Like many, I was pleased by the publication by the General Dental Council (GDC) of its proposals for a better and fairer system of regulation.1 To me, this document is a welcome move towards recognition that avoidable harm of patients needs to be seen within the context of the wider system, rather than purely a problem caused by a 'bad apple'. This approach is very much in keeping with others involved in the issue of patient safety, and demonstrates the first step towards dealing with a regulatory system that has arguably lost its focus in recent years.

Such an approach is not without challenges; one of the biggest is the lamentable lack of published data to underpin such a policy, particularly in relation to what is known as 'avoidable' harm. We are currently in a situation where nobody truly knows where and when avoidable harm happens to patients within primary care dentistry. Consequently, our understanding of why it is happening is, in many cases, based on conjecture. It is only by understanding these issues that we can put effective systems in place to better protect our patients. As my wise old tutors from dental school would have said 'You can't form a treatment plan without an examination and diagnosis'.

Shifting the balance sensibly proposes that educators should have data shared with them that show how their teaching may influence patient care, but it is just as important that others involved in healthcare systems also receive useful information. Bodies involved in contracting could gain useful data about which areas of their activity hold the greatest risk and formulate strategies to quality assure appropriately. I would hope that commissioners are carefully considering recent cases where systematic failures, involving thousands of patients, were identified, and learn relevant lessons from it.

...nobody truly knows where and when avoidable harm happens to patients within primary care dentistry...

Not only are there few data available but, when they do exist, they are often held by bodies who often sit squarely on opposite sides of the fence. So, while it is laudable that the GDC has decided to shift its focus in this way, this surely needs to be met with an appropriate response from the profession. Cases that reach the stage of civil or regulatory proceedings are only a small proportion of instances of harm, and so it is just as important to learn from 'near misses' and lesser levels of harm. Learning from reporting systems and civil proceedings should also be used to inform regulatory strategy but, if we are to use these data, we will need to try to rebuild trust between the parties involved.

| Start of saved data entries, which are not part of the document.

lemma has_integral_exp_weighted_primitive:
  fixes W w :: "real \<Rightarrow> real" and c :: real
  assumes S: "finite S" and ab: "a \<le> b" and Wc: "continuous_on {a..b} W"
    and Wd: "\<And>x. x \<in> {a<..<b} - S \<Longrightarrow> (W has_real_derivative w x) (at x)"
  shows "((\<lambda>x. exp (c * x) * W x * w x) has_integral
           exp (c * b) * (W b)\<^sup>2 / 2 - exp (c * a) * (W a)\<^sup>2 / 2
           - c / 2 * integral {a..b} (\<lambda>x. exp (c * x) * (W x)\<^sup>2)) {a..b}"
proof -
  define \<Phi> where "\<Phi> x = exp (c * x) * (W x)\<^sup>2 / 2" for x
  have "((\<lambda>x. c / 2 * (exp (c * x) * (W x)\<^sup>2) + exp (c * x) * W x * w x) has_integral (\<Phi> b - \<Phi> a)) {a..b}"
  proof (rule fundamental_theorem_of_calculus_interior_strong[OF S ab])
    fix x assume x: "x \<in> {a<..<b} - S"
    have "(\<Phi> has_real_derivative c / 2 * (exp (c * x) * (W x)\<^sup>2) + exp (c * x) * W x * w x) (at x)"
      unfolding \<Phi>_def by (rule derivative_eq_intros Wd[OF x] refl | simp add: algebra_simps)+
    then show "(\<Phi> has_vector_derivative c / 2 * (exp (c * x) * (W x)\<^sup>2) + exp (c * x) * W x * w x) (at x)"
      by (simp add: has_real_derivative_iff_has_vector_derivative)
  qed (auto simp: \<Phi>_def intro!: continuous_intros Wc)
  moreover have "((\<lambda>x. c / 2 * (exp (c * x) * (W x)\<^sup>2)) has_integral c / 2 * integral {a..b} (\<lambda>x. exp (c * x) * (W x)\<^sup>2)) {a..b}"
    by (intro has_integral_mult_right integrable_integral integrable_continuous_real continuous_intros Wc)
  ultimately show ?thesis
    unfolding \<Phi>_def by (auto dest: has_integral_diff)
qed

lemma exp_weighted_left_primitive_form_nonneg:
  fixes w :: "real \<Rightarrow> real"
  assumes S: "finite S" and ab: "a \<le> b" and c: "c \<le> 0" and w: "w integrable_on {a..b}"
    and wc: "\<And>x. x \<in> {a<..<b} - S \<Longrightarrow> isCont w x"
  shows "\<exists>I\<ge>0. ((\<lambda>x. exp (c * x) * integral {a..x} w * w x) has_integral I) {a..b}"
proof -
  define W where "W x = integral {a..x} w" for x
  have Wc: "continuous_on {a..b} W"
    unfolding W_def by (rule indefinite_integral_continuous_1[OF w])
  have prim: "((\<lambda>x. exp (c * x) * W x * w x) has_integral
      exp (c * b) * (W b)\<^sup>2 / 2 - exp (c * a) * (W a)\<^sup>2 / 2
      - c / 2 * integral {a..b} (\<lambda>x. exp (c * x) * (W x)\<^sup>2)) {a..b}"
  proof (rule has_integral_exp_weighted_primitive[OF S ab Wc])
    fix x assume "x \<in> {a<..<b} - S"
    then show "(W has_real_derivative w x) (at x)"
      unfolding W_def using indefinite_integral_has_real_derivative[OF w wc] by blast
  qed
  have "0 \<le> integral {a..b} (\<lambda>x. exp (c * x) * (W x)\<^sup>2)"
    by (intro Henstock_Kurzweil_Integration.integral_nonneg integrable_continuous_real continuous_intros Wc) simp
  then have "0 \<le> exp (c * b) * (W b)\<^sup>2 / 2 + (- c / 2) * integral {a..b} (\<lambda>x. exp (c * x) * (W x)\<^sup>2)"
    using c by (intro add_nonneg_nonneg mult_nonneg_nonneg) auto
  also have "\<dots> = exp (c * b) * (W b)\<^sup>2 / 2 - exp (c * a) * (W a)\<^sup>2 / 2
      - c / 2 * integral {a..b} (\<lambda>x. exp (c * x) * (W x)\<^sup>2)"
    by (simp add: W_def[of a])
  finally have "0 \<le> exp (c * b) * (W b)\<^sup>2 / 2 - exp (c * a) * (W a)\<^sup>2 / 2
      - c / 2 * integral {a..b} (\<lambda>x. exp (c * x) * (W x)\<^sup>2)" .
  with prim show ?thesis unfolding W_def by blast
qed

There is a need to ensure that 'proportionate' regulation is adequately supported. We need to be sure that the issues that trigger assessments of 'Fitness to Practise' are genuinely those that hold a threat to patients, and avoid regulation simply becoming a 'tick-box' exercise that misses the important issues. Again, this area lacks data and our understanding of the issues that cause the most harm to patients is rudimentary. Arguably, performance assessments of any type should be informed by data from actual cases of avoidable harm, rather than what one or two experts think may or may not be important. The General Medical Council has published its view on when a matter is likely to suggest that Fitness to Practise is impaired, and it could be argued that a similar standard could be used for dentistry. Their comments on 'isolated' cases are of particular interest2 and this seems to me to be a sensible place to start if the process is to be proportionate.

The move towards local resolution, where appropriate, is to be commended, but there is equally a need to ensure that there is funding to support this and that judgments are made in the fair and proportionate manner way that the current Fitness to Practise panels generally do. A 'postcode lottery' must be avoided at all costs, and decisions must be adequately defensible to avoid appeals negating the value of the process.

Reassuringly, there is recognition from both sides of the fence that a change in approach is needed. I also support this but, bearing in mind the missed opportunities in recent years to learn lessons from other industries, including our colleagues in medicine, I would humbly suggest that this should not be left exclusively to 'lay people'; it requires engagement from the wider profession if it is to be effective.

I am genuinely more hopeful now than ever that changes can be made which will not only better protect patients but, as importantly, will not hinder the 'reasonable' practitioner from carrying out their daily task of helping patients to improve their health. It's just a shame that it has taken so long for this to come about.